Other experts consider the energy-saving campaign demanded by Habeck to be sensible but "not new in itself" - because it is difficult to force private consumers to save energy - except for the price, says Stefan Thomas, an energy expert at the Wuppertal Institute.

"We know from previous studies that people can reduce their consumption very quickly when prices are higher." The problem is that they are not yet aware of it because the bills will not come until next year.

»But if you heat and ventilate intelligently, you can easily save ten percent of your costs without freezing.«

800 energy advisors to 40 million households

According to the ministry's work plan, citizens are to be encouraged with "practical tips and advice to reduce their own energy consumption".

But there's a catch.

There has been a shortage of energy consultants for months.

During home visits, they explain how to best save money with small measures such as sealing windows or maintaining a thermal bath.

According to the consumer centers, there are long waiting times, there are probably only 800 energy consultants in Germany - after all, around 40 million households.
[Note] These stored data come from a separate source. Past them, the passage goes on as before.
lemma rec_rhs_comparison:
  fixes Y Z :: "(nat \<Rightarrow> nat) \<Rightarrow> (nat \<Rightarrow> int) \<Rightarrow> real"
  assumes c: "c > 0" and beta: "\<And>j. \<beta> j \<ge> 0"
    and zero: "\<And>\<nu>. \<nu> \<in> multi_indices \<Longrightarrow> Y \<nu> (\<lambda>_. 0) \<le> Z \<nu> (\<lambda>_. 0)"
    and small: "\<And>\<nu> lam. \<nu> \<in> multi_indices \<Longrightarrow> lam \<in> zvecs d \<Longrightarrow> \<forall>l<d. lam l \<ge> 0 \<Longrightarrow>
      int (mabs \<nu>) < zabs d lam \<Longrightarrow> Y \<nu> lam \<le> Z \<nu> lam"
    and sub: "\<And>\<nu> lam j. \<nu> \<in> multi_indices \<Longrightarrow> lam \<in> zvecs d \<Longrightarrow> lam \<noteq> (\<lambda>_. 0) \<Longrightarrow>
      \<forall>l<d. lam l \<ge> 0 \<Longrightarrow> zabs d lam \<le> int (mabs \<nu>) + 1 \<Longrightarrow>
      Y (\<nu>(j := \<nu> j + 1)) lam \<le> rec_rhs d c \<beta> Y \<nu> lam j"
    and super: "\<And>\<nu> lam j. \<nu> \<in> multi_indices \<Longrightarrow> lam \<in> zvecs d \<Longrightarrow> lam \<noteq> (\<lambda>_. 0) \<Longrightarrow>
      \<forall>l<d. lam l \<ge> 0 \<Longrightarrow> zabs d lam \<le> int (mabs \<nu>) + 1 \<Longrightarrow>
      rec_rhs d c \<beta> Z \<nu> lam j \<le> Z (\<nu>(j := \<nu> j + 1)) lam"
  shows "\<nu> \<in> multi_indices \<Longrightarrow> lam \<in> zvecs d \<Longrightarrow> \<forall>l<d. lam l \<ge> 0 \<Longrightarrow> Y \<nu> lam \<le> Z \<nu> lam"
proof (induction "mabs \<nu>" arbitrary: \<nu> lam rule: less_induct)
  case less
  note nu = less.prems(1) and lam = less.prems(2,3)
  consider "lam = (\<lambda>_. 0)" | "int (mabs \<nu>) < zabs d lam" | "lam \<noteq> (\<lambda>_. 0)" "zabs d lam \<le> int (mabs \<nu>)"
    by fastforce
  then show ?case
  proof cases
    case 1
    then show ?thesis using zero[OF nu] by simp
  next
    case 2
    then show ?thesis using small nu lam by blast
  next
    case 3
    then have "mabs \<nu> \<noteq> 0" using zabs_pos[OF lam] by linarith
    then obtain j where j: "\<nu> j > 0" using mabs_eq_0_iff[OF nu] by auto
    define \<mu> where "\<mu> = \<nu>(j := \<nu> j - 1)"
    have mu: "\<mu> \<in> multi_indices" unfolding \<mu>_def by (rule multi_indices_fun_upd[OF nu])
    have nu_eq: "\<nu> = \<mu>(j := \<mu> j + 1)" using j by (auto simp: \<mu>_def)
    have mabs_mu: "mabs \<mu> = mabs \<nu> - 1" using mabs_fun_upd[OF nu, of j] j by (simp add: \<mu>_def)
    have IH: "Y (\<mu>(j := \<mu> j - k)) (lam(l := lam l - 1)) \<le> Z (\<mu>(j := \<mu> j - k)) (lam(l := lam l - 1))"
      if "l < d" "lam l > 0" for k l
    proof (rule less.hyps)
      show "mabs (\<mu>(j := \<mu> j - k)) < mabs \<nu>"
        using mabs_fun_upd[OF mu, of j] mabs_mu \<open>mabs \<nu> \<noteq> 0\<close> by simp
      show "\<mu>(j := \<mu> j - k) \<in> multi_indices" by (rule multi_indices_fun_upd[OF mu])
      show "lam(l := lam l - 1) \<in> zvecs d" using lam(1) that by (auto simp: zvecs_def)
      show "\<forall>i<d. (lam(l := lam l - 1)) i \<ge> 0" using lam(2) that by auto
    qed
    have "zabs d lam \<le> int (mabs \<mu>) + 1" using 3 mabs_mu \<open>mabs \<nu> \<noteq> 0\<close> by linarith
    then have "Y \<nu> lam \<le> rec_rhs d c \<beta> Y \<mu> lam j"
      and "rec_rhs d c \<beta> Z \<mu> lam j \<le> Z \<nu> lam"
      using sub[OF mu lam(1) 3(1) lam(2)] super[OF mu lam(1) 3(1) lam(2)] nu_eq by simp_all
    moreover have "rec_rhs d c \<beta> Y \<mu> lam j \<le> rec_rhs d c \<beta> Z \<mu> lam j"
      using c beta IH by (intro rec_rhs_mono) auto
    ultimately show ?thesis by linarith
  qed
qed

lemma le_bound_A4:
  fixes Y :: "(nat \<Rightarrow> nat) \<Rightarrow> (nat \<Rightarrow> int) \<Rightarrow> real"
  assumes c: "c > 0" and beta: "\<And>j. \<beta> j \<ge> 0"
    and Y_zero: "\<And>\<nu>. \<nu> \<in> multi_indices \<Longrightarrow> Y \<nu> (\<lambda>_. 0) = (if \<nu> = (\<lambda>_. 0) then 1 else 0)"
    and Y_small: "\<And>\<nu> lam. \<nu> \<in> multi_indices \<Longrightarrow> lam \<in> zvecs d \<Longrightarrow>
      int (mabs \<nu>) < zabs d lam \<Longrightarrow> Y \<nu> lam = 0"
    and sub: "\<And>\<nu> lam j. \<nu> \<in> multi_indices \<Longrightarrow> lam \<in> zvecs d \<Longrightarrow> lam \<noteq> (\<lambda>_. 0) \<Longrightarrow>
      \<forall>l<d. lam l \<ge> 0 \<Longrightarrow> zabs d lam \<le> int (mabs \<nu>) + 1 \<Longrightarrow>
      Y (\<nu>(j := \<nu> j + 1)) lam \<le> rec_rhs d c \<beta> Y \<nu> lam j"
    and "\<nu> \<in> multi_indices" "lam \<in> zvecs d" "\<forall>l<d. lam l \<ge> 0"
  shows "Y \<nu> lam \<le> bound_A4 d c \<beta> \<nu> lam"
proof (rule rec_rhs_comparison[OF c beta, where Z = "bound_A4 d c \<beta>"])
  show "Y \<nu> (\<lambda>_. 0) \<le> bound_A4 d c \<beta> \<nu> (\<lambda>_. 0)" if "\<nu> \<in> multi_indices" for \<nu>
    using Y_zero[OF that] bound_A4_zero[OF that] by simp
  show "Y \<nu> lam \<le> bound_A4 d c \<beta> \<nu> lam"
    if "\<nu> \<in> multi_indices" "lam \<in> zvecs d" "\<forall>l<d. lam l \<ge> 0" "int (mabs \<nu>) < zabs d lam" for \<nu> lam
    using Y_small[OF that(1,2,4)] bound_A4_small[OF that(1,4)] by simp
  show "rec_rhs d c \<beta> (bound_A4 d c \<beta>) \<nu> lam j \<le> bound_A4 d c \<beta> (\<nu>(j := \<nu> j + 1)) lam"
    if "\<nu> \<in> multi_indices" "lam \<in> zvecs d" "lam \<noteq> (\<lambda>_. 0)" "\<forall>l<d. lam l \<ge> 0" for \<nu> lam j
    using bound_A4_rec[OF that(1,2,4,3)] by simp
qed (fact sub assms)+
(* Let $N\ge1$, $d\ge1$, $H\in(0,1)^N$ and let $v$ be an $(N,d)$-fractional Brownian sheet with Hurst parameter $H$. If $x^1,\dots,x^m\in(0,\infty)^N$ are distinct points, then the real random variables $v_1(x^1),\dots,v_1(x^m)$ are linearly independent.
   Context: An $(N,d)$-fractional Brownian sheet with Hurst parameter $H\in(0,1)^N$ is an $\mathbb{R}^d$-valued continuous centered Gaussian field $\{v(x),x\in\mathbb{R}^N_+\}$ with $\mathrm E(v_j(x)v_\ell(y))=\delta_{j,\ell}\prod_{i=1}^N\frac12(|x_i|^{2H_i}+|y_i|^{2H_i}-|x_i-y_i|^{2H_i})$; $v_1$ denotes its first component. *)

theory Defs
  imports "HOL-Probability.Probability"
begin

definition real_gaussian :: "'a measure \<Rightarrow> ('a \<Rightarrow> real) \<Rightarrow> bool" where
  "real_gaussian M X \<longleftrightarrow> X \<in> borel_measurable M \<and>
     (\<exists>mu sigma. (sigma = 0 \<and> distr M borel X = return borel mu) \<or>
                 (sigma > 0 \<and> distributed M lborel X (normal_density mu sigma)))"

definition gaussian_family :: "'a measure \<Rightarrow> ('i \<Rightarrow> 'a \<Rightarrow> real) \<Rightarrow> 'i set \<Rightarrow> bool" where
  "gaussian_family M X I \<longleftrightarrow>
     (\<forall>J c. finite J \<and> J \<subseteq> I \<longrightarrow> real_gaussian M (\<lambda>\<omega>. \<Sum>i\<in>J. c i * X i \<omega>))"

definition nonneg_orthant :: "(real^'n) set" where
  "nonneg_orthant = {x. \<forall>i. 0 \<le> x $ i}"

definition fbs_cov :: "real^'n \<Rightarrow> real^'n \<Rightarrow> real^'n \<Rightarrow> real" where
  "fbs_cov H x y = (\<Prod>i\<in>UNIV. (1/2) * (\<bar>x $ i\<bar> powr (2 * H $ i) + \<bar>y $ i\<bar> powr (2 * H $ i)
                                       - \<bar>x $ i - y $ i\<bar> powr (2 * H $ i)))"

text \<open>(N,d)-fractional Brownian sheet on the probability space M: v \<omega> x j is the j-th
  component (j < d, components indexed 0..d-1, so v_1 is component 0) at the point x.\<close>
definition frac_brownian_sheet ::
  "'a measure \<Rightarrow> nat \<Rightarrow> real^'n \<Rightarrow> ('a \<Rightarrow> real^'n \<Rightarrow> nat \<Rightarrow> real) \<Rightarrow> bool" where
  "frac_brownian_sheet M d H v \<longleftrightarrow>
     prob_space M \<and>
     gaussian_family M (\<lambda>(x, j) \<omega>. v \<omega> x j) (nonneg_orthant \<times> {..<d}) \<and>
     (\<forall>\<omega>\<in>space M. \<forall>j<d. continuous_on nonneg_orthant (\<lambda>x. v \<omega> x j)) \<and>
     (\<forall>x\<in>nonneg_orthant. \<forall>j<d. (\<integral>\<omega>. v \<omega> x j \<partial>M) = 0) \<and>
     (\<forall>x\<in>nonneg_orthant. \<forall>y\<in>nonneg_orthant. \<forall>j<d. \<forall>l<d.
        (\<integral>\<omega>. v \<omega> x j * v \<omega> y l \<partial>M) = (if j = l then 1 else 0) * fbs_cov H x y)"

end

theory Submission
  imports Defs
begin

(*
  The covariance of v_1 on the open orthant is the tensor product of the one-dimensional
  fractional Brownian motion kernels 1/2 (|s|^2H + |t|^2H - |s - t|^2H), so it is enough that
  these are strictly positive definite on the nonzero reals and that strict positive definiteness
  survives tensor products (a strict Schur product theorem: expand one factor in finitely many
  features, obtained by repeated Schur complements).

  For the one-dimensional kernel, |s|^2H = C * integral over u > 0 of (1 - exp (-u s^2)) u^(-1-H)
  writes it as a mixture of the kernels 1 - exp (-u s^2) - exp (-u t^2) + exp (-u (s - t)^2).
  Each of these is strictly positive definite: expanding exp (2 u s t) turns its quadratic form
  into a sum of squares of power sums, and the power sums determine the coefficients.

  Finally, if sum_k c_k v_1(x^k) = 0 almost surely, its second moment, which is the quadratic
  form of the covariance kernel at c, vanishes, hence c = 0.
*)

section \<open>Quadratic forms of kernels\<close>

definition quad_form :: "('a \<Rightarrow> 'a \<Rightarrow> real) \<Rightarrow> 'a set \<Rightarrow> ('a \<Rightarrow> real) \<Rightarrow> real" where
  "quad_form k F c = (\<Sum>x\<in>F. \<Sum>y\<in>F. c x * c y * k x y)"

lemma quad_form_cong:
  "(\<And>x. x \<in> F \<Longrightarrow> c x = c' x) \<Longrightarrow> quad_form k F c = quad_form k F c'"
  unfolding quad_form_def by (intro sum.cong refl) auto

lemma quad_form_singleton [simp]: "quad_form k {a} c = c a * c a * k a a"
  by (simp add: quad_form_def)

lemma quad_form_one [simp]: "quad_form (\<lambda>_ _. 1) F c = (\<Sum>x\<in>F. c x)\<^sup>2"
  by (simp add: quad_form_def power2_eq_square sum_product)

lemma quad_form_add:
  "quad_form (\<lambda>x y. k x y + k' x y) F c = quad_form k F c + quad_form k' F c"
  by (simp add: quad_form_def sum.distrib distrib_left)

lemma quad_form_cmult: "quad_form (\<lambda>x y. a * k x y) F c = a * quad_form k F c"
  by (simp add: quad_form_def sum_distrib_left mult_ac)

lemma quad_form_scale:
  "quad_form (\<lambda>x y. g x * g y * k x y) F c = quad_form k F (\<lambda>x. c x * g x)"
  by (simp add: quad_form_def mult_ac)

lemma quad_form_rank_one: "quad_form (\<lambda>x y. g x * g y) F c = (\<Sum>x\<in>F. c x * g x)\<^sup>2"
  by (simp add: quad_form_def power2_eq_square sum_product mult_ac)

lemma quad_form_diff_rank_one:
  "quad_form (\<lambda>x y. k x y - g x * g y / a) F c = quad_form k F c - (\<Sum>x\<in>F. c x * g x)\<^sup>2 / a"
  by (simp add: quad_form_def power2_eq_square sum_product sum_subtractf sum_divide_distrib
      algebra_simps)

lemma quad_form_insert:
  assumes "finite F" "a \<notin> F" "\<And>x y. k x y = k y x"
  shows "quad_form k (insert a F) c
    = c a * c a * k a a + 2 * c a * (\<Sum>x\<in>F. c x * k x a) + quad_form k F c"
  using assms
  by (simp add: quad_form_def sum.distrib sum_distrib_left algebra_simps)

lemma quad_form_image:
  assumes "finite F"
  shows "quad_form (\<lambda>p q. k (h p) (h q)) F d
    = quad_form k (h ` F) (\<lambda>b. \<Sum>p\<in>{p\<in>F. h p = b}. d p)"
proof -
  define e where "e b = (\<Sum>p\<in>{p\<in>F. h p = b}. d p)" for b
  have regroup: "(\<Sum>p\<in>F. d p * g (h p)) = (\<Sum>b\<in>h ` F. e b * g b)" for g :: "_ \<Rightarrow> real"
    by (subst sum.image_gen[OF assms]) (auto simp: e_def sum_distrib_right intro!: sum.cong)
  have "quad_form (\<lambda>p q. k (h p) (h q)) F d = (\<Sum>p\<in>F. d p * (\<Sum>q\<in>F. d q * k (h p) (h q)))"
    by (simp add: quad_form_def sum_distrib_left mult.assoc)
  also have "\<dots> = (\<Sum>b\<in>h ` F. e b * (\<Sum>b'\<in>h ` F. e b' * k b b'))"
    by (simp only: regroup) (rule regroup)
  also have "\<dots> = quad_form k (h ` F) e"
    by (simp add: quad_form_def sum_distrib_left mult.assoc)
  finally show ?thesis unfolding e_def .
qed

lemma quad_form_features:
  "quad_form (\<lambda>p q. (\<Sum>r<n. \<phi> r p * \<phi> r q) * g p q) F c
    = (\<Sum>r<n. quad_form g F (\<lambda>p. c p * \<phi> r p))"
proof -
  have "quad_form (\<lambda>p q. (\<Sum>r<n. \<phi> r p * \<phi> r q) * g p q) F c
      = (\<Sum>p\<in>F. \<Sum>q\<in>F. \<Sum>r<n. (c p * \<phi> r p) * (c q * \<phi> r q) * g p q)"
    unfolding quad_form_def
    by (intro sum.cong refl) (simp add: sum_distrib_left sum_distrib_right mult_ac)
  also have "\<dots> = (\<Sum>r<n. \<Sum>p\<in>F. \<Sum>q\<in>F. (c p * \<phi> r p) * (c q * \<phi> r q) * g p q)"
    by (simp add: sum.swap[where A = "{..<n}"])
  finally show ?thesis by (simp add: quad_form_def)
qed

lemma integrable_quad_form:
  assumes "\<And>x y. x \<in> F \<Longrightarrow> y \<in> F \<Longrightarrow> integrable M (K x y)"
  shows "integrable M (\<lambda>u. quad_form (\<lambda>x y. K x y u) F c)"
  unfolding quad_form_def using assms
  by (intro Bochner_Integration.integrable_sum Bochner_Integration.integrable_mult_right) auto

lemma integral_quad_form:
  assumes "\<And>x y. x \<in> F \<Longrightarrow> y \<in> F \<Longrightarrow> integrable M (K x y)"
  shows "(\<integral>u. quad_form (\<lambda>x y. K x y u) F c \<partial>M) = quad_form (\<lambda>x y. \<integral>u. K x y u \<partial>M) F c"
proof -
  have "(\<integral>u. (\<Sum>y\<in>F. c x * c y * K x y u) \<partial>M) = (\<Sum>y\<in>F. c x * c y * (\<integral>u. K x y u \<partial>M))"
    if "x \<in> F" for x
    using assms that by (subst Bochner_Integration.integral_sum) auto
  then show ?thesis
    unfolding quad_form_def using assms
    by (subst Bochner_Integration.integral_sum) auto
qed

section \<open>Strictly positive definite kernels\<close>

definition spd_kernel :: "('a \<Rightarrow> 'a \<Rightarrow> real) \<Rightarrow> 'a set \<Rightarrow> bool" where
  "spd_kernel k S \<longleftrightarrow> (\<forall>F c. finite F \<and> F \<subseteq> S \<longrightarrow>
      0 \<le> quad_form k F c \<and> (quad_form k F c = 0 \<longrightarrow> (\<forall>x\<in>F. c x = 0)))"
(* Let $n \geq 0$ be an integer. Then the value $H_0(2a-n, a)$ is the same for all integers $a \geq 2n$.
   Context: For a finite poset, the Hasse diagram is the directed graph on its points whose arcs are the covering pairs $x \to y$ ($x<y$ with no $w$ satisfying $x<w<y$). Posets are counted up to isomorphism (unlabeled). $H_0(p,a)$ is the number of isomorphism classes of posets with $p$ points and exactly $a$ arcs in the Hasse diagram that have no isolated points (an isolated point is a point incident to no arc of the Hasse diagram). By convention the empty poset is counted, so $H_0(0,0) = 1$. *)

theory Defs
  imports Main
begin

definition poset_on :: "nat \<Rightarrow> (nat \<times> nat) set \<Rightarrow> bool" where
  "poset_on p R \<longleftrightarrow> partial_order_on {0..<p} R"

definition hasse :: "(nat \<times> nat) set \<Rightarrow> (nat \<times> nat) set" where
  "hasse R = {(x, y). (x, y) \<in> R \<and> x \<noteq> y \<and>
      \<not> (\<exists>w. (x, w) \<in> R \<and> (w, y) \<in> R \<and> w \<noteq> x \<and> w \<noteq> y)}"

definition no_isolated :: "nat \<Rightarrow> (nat \<times> nat) set \<Rightarrow> bool" where
  "no_isolated p R \<longleftrightarrow>
     (\<forall>x\<in>{0..<p}. \<exists>y. (x, y) \<in> hasse R \<or> (y, x) \<in> hasse R)"

definition poset_iso :: "nat \<Rightarrow> (nat \<times> nat) set \<Rightarrow> (nat \<times> nat) set \<Rightarrow> bool" where
  "poset_iso p R S \<longleftrightarrow> (\<exists>f. bij_betw f {0..<p} {0..<p} \<and>
     (\<forall>x\<in>{0..<p}. \<forall>y\<in>{0..<p}. (x, y) \<in> R \<longleftrightarrow> (f x, f y) \<in> S))"

definition H0_posets :: "nat \<Rightarrow> nat \<Rightarrow> (nat \<times> nat) set set" where
  "H0_posets p a = {R. poset_on p R \<and> card (hasse R) = a \<and> no_isolated p R}"

definition H0 :: "nat \<Rightarrow> nat \<Rightarrow> nat" where
  "H0 p a = card (H0_posets p a //
      {(R, S). R \<in> H0_posets p a \<and> S \<in> H0_posets p a \<and> poset_iso p R S})"

end

theory Submission
  imports Defs "HOL-Combinatorics.Transposition"
begin

(* Adjoining a disjoint two-element chain p < p+1 sends posets on p points with a Hasse arcs and
   no isolated points to posets on p+2 points with a+1 arcs and no isolated points, and it is
   injective on isomorphism classes: an isomorphism between two enlarged posets becomes one that
   fixes the adjoined chain after composing with the automorphism that exchanges two isolated
   two-element chains.

   It is onto the isomorphism classes as soon as 3(a+1) < 2(p+2). In a Hasse diagram without
   isolated points, if no arc forms a connected component by itself, then the points of degree 1
   inject into the arcs and all other points have degree at least 2, so 2 #points <= 3 #arcs.
   Hence some arc is isolated, and an isolated Hasse arc of a finite poset is an isolated
   two-element chain of the poset, which can be relabelled to be the adjoined one.

   For p = 2a - n the step from a to a+1 is such a step, and the inequality reads a >= 2n. *)

section \<open>Transport of relations along bijections\<close>

lemma dir_image_eq_image: "dir_image R f = map_prod f f ` R"
  unfolding dir_image_def by auto

lemma dir_image_id: "dir_image R id = R"
  by (auto simp: dir_image_def)

lemma dir_image_comp: "dir_image (dir_image R f) g = dir_image R (g \<circ> f)"
  by (auto simp: dir_image_def)

lemma dir_image_cong:
  assumes "R \<subseteq> A \<times> A" and "\<And>x. x \<in> A \<Longrightarrow> f x = g x"
  shows "dir_image R f = dir_image R g"
  using assms unfolding dir_image_def by (force simp: subset_iff)

lemma dir_image_inv_into:
  assumes "inj_on f A" and "R \<subseteq> A \<times> A"
  shows "dir_image (dir_image R f) (inv_into A f) = R"
  using assms by (simp add: dir_image_comp dir_image_cong[of R A _ id] dir_image_id)

lemma card_dir_image:
  assumes "inj_on f A" and "R \<subseteq> A \<times> A"
  shows "card (dir_image R f) = card R"
proof -
  have "inj_on (map_prod f f) R"
    using map_prod_inj_on[OF assms(1) assms(1)] assms(2) inj_on_subset by blast
  then show ?thesis by (simp add: dir_image_eq_image card_image)
qed

lemma hasse_dir_image:
  assumes inj: "inj_on f A" and R: "R \<subseteq> A \<times> A"
  shows "hasse (dir_image R f) = dir_image (hasse R) f"
proof -
  have mem: "(f x, f y) \<in> dir_image R f \<longleftrightarrow> (x, y) \<in> R" if "x \<in> A" "y \<in> A" for x y
    using that R inj unfolding dir_image_def inj_on_def by blast
  have dom: "\<exists>x\<in>A. \<exists>y\<in>A. u = f x \<and> v = f y" if "(u, v) \<in> dir_image R f" for u v
    using that R unfolding dir_image_def by blast
  have hasse_mem: "(f x, f y) \<in> hasse (dir_image R f) \<longleftrightarrow> (x, y) \<in> hasse R"
    if "x \<in> A" "y \<in> A" for x y
  proof -
    have "(\<exists>w. (f x, w) \<in> dir_image R f \<and> (w, f y) \<in> dir_image R f \<and> w \<noteq> f x \<and> w \<noteq> f y)
      \<longleftrightarrow> (\<exists>z\<in>A. (f x, f z) \<in> dir_image R f \<and> (f z, f y) \<in> dir_image R f \<and> f z \<noteq> f x \<and> f z \<noteq> f y)"
      using dom by blast
    also have "\<dots> \<longleftrightarrow> (\<exists>z. (x, z) \<in> R \<and> (z, y) \<in> R \<and> z \<noteq> x \<and> z \<noteq> y)"
      using that mem R inj unfolding inj_on_def by blast
    finally show ?thesis
      using that mem inj unfolding hasse_def inj_on_def by auto
  qed
  show ?thesis
  proof (intro set_eqI iffI)
    fix e assume e: "e \<in> hasse (dir_image R f)"
    then obtain x y where "x \<in> A" "y \<in> A" "e = (f x, f y)"
      using dom unfolding hasse_def by blast
    then show "e \<in> dir_image (hasse R) f"
      using e hasse_mem unfolding dir_image_def by blast
  next
    fix e assume "e \<in> dir_image (hasse R) f"
    then obtain x y where "(x, y) \<in> hasse R" "e = (f x, f y)"
      unfolding dir_image_def by blast
    moreover have "x \<in> A" "y \<in> A" using calculation R unfolding hasse_def by auto
    ultimately show "e \<in> hasse (dir_image R f)" using hasse_mem by blast
  qed
qed

lemma poset_on_subset: "poset_on p R \<Longrightarrow> R \<subseteq> {0..<p} \<times> {0..<p}"
  unfolding poset_on_def partial_order_on_def preorder_on_def by blast

lemma poset_on_iff:
  "poset_on p R \<longleftrightarrow> R \<subseteq> {0..<p} \<times> {0..<p} \<and> (\<forall>x<p. (x, x) \<in> R) \<and>
     (\<forall>x y z. (x, y) \<in> R \<longrightarrow> (y, z) \<in> R \<longrightarrow> (x, z) \<in> R) \<and>
     (\<forall>x y. (x, y) \<in> R \<longrightarrow> (y, x) \<in> R \<longrightarrow> x = y)"
  unfolding poset_on_def partial_order_on_def preorder_on_def refl_on_def trans_def antisym_def
  by auto

lemma poset_on_dir_image:
  assumes f: "bij_betw f {0..<p} {0..<p}" and R: "poset_on p R"
  shows "poset_on p (dir_image R f)"
proof -
  have "Field R = {0..<p}"
    using R unfolding poset_on_def partial_order_on_def preorder_on_def refl_on_def Field_def
    by auto
  then show ?thesis
    using assms Partial_order_dir_image[of R f] dir_image_Field[of R f]
    unfolding poset_on_def bij_betw_def by simp
qed

lemma no_isolated_dir_image:
  assumes f: "bij_betw f {0..<p} {0..<p}" and R: "R \<subseteq> {0..<p} \<times> {0..<p}"
    and "no_isolated p R"
  shows "no_isolated p (dir_image R f)"
  unfolding no_isolated_def hasse_dir_image[OF bij_betw_imp_inj_on[OF f] R]
proof
  fix x assume "x \<in> {0..<p}"
  then obtain z where "z \<in> {0..<p}" "x = f z"
    using f by (metis bij_betw_imp_surj_on imageE)
  then obtain y where "(z, y) \<in> hasse R \<or> (y, z) \<in> hasse R"
    using \<open>no_isolated p R\<close> unfolding no_isolated_def by blast
  then show "\<exists>y. (x, y) \<in> dir_image (hasse R) f \<or> (y, x) \<in> dir_image (hasse R) f"
    using \<open>x = f z\<close> unfolding dir_image_def by blast
qed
Since the campaign is scheduled to start in June, it remains to be clarified where new consultants are to come from so quickly.

»There is a lack of good specialists and something has to happen first with their training«, says Thomas.

Even the medium-term measures are not enough for him.

A study by the Wuppertal Institute has shown that for Habeck's 65 percent target for renewable heating from 2024, at least 700,000 to 800,000 heat pumps per year would have to be built - almost half more than planned.

A more ambitious offensive is needed, not only when it comes to replacing heating systems and insulating, but also in the housing situation in general.

»One-family houses could become two-family houses, because far too large areas are still being heated unnecessarily and at the same time there is a shortage of housing.«

While exact figures are now being given for the purchase of liquid gas, it is unclear how many cubic meters of gas are to be saved by Habeck's work plan for energy efficiency.

However, such an estimate or target would be helpful if the government really intends to import as little expensive LNG as possible.

While this is easier in the short term, it is certainly far more expensive for the taxpayer in the long term.

Because in 20 years, industry and households will have to be climate-neutral anyway.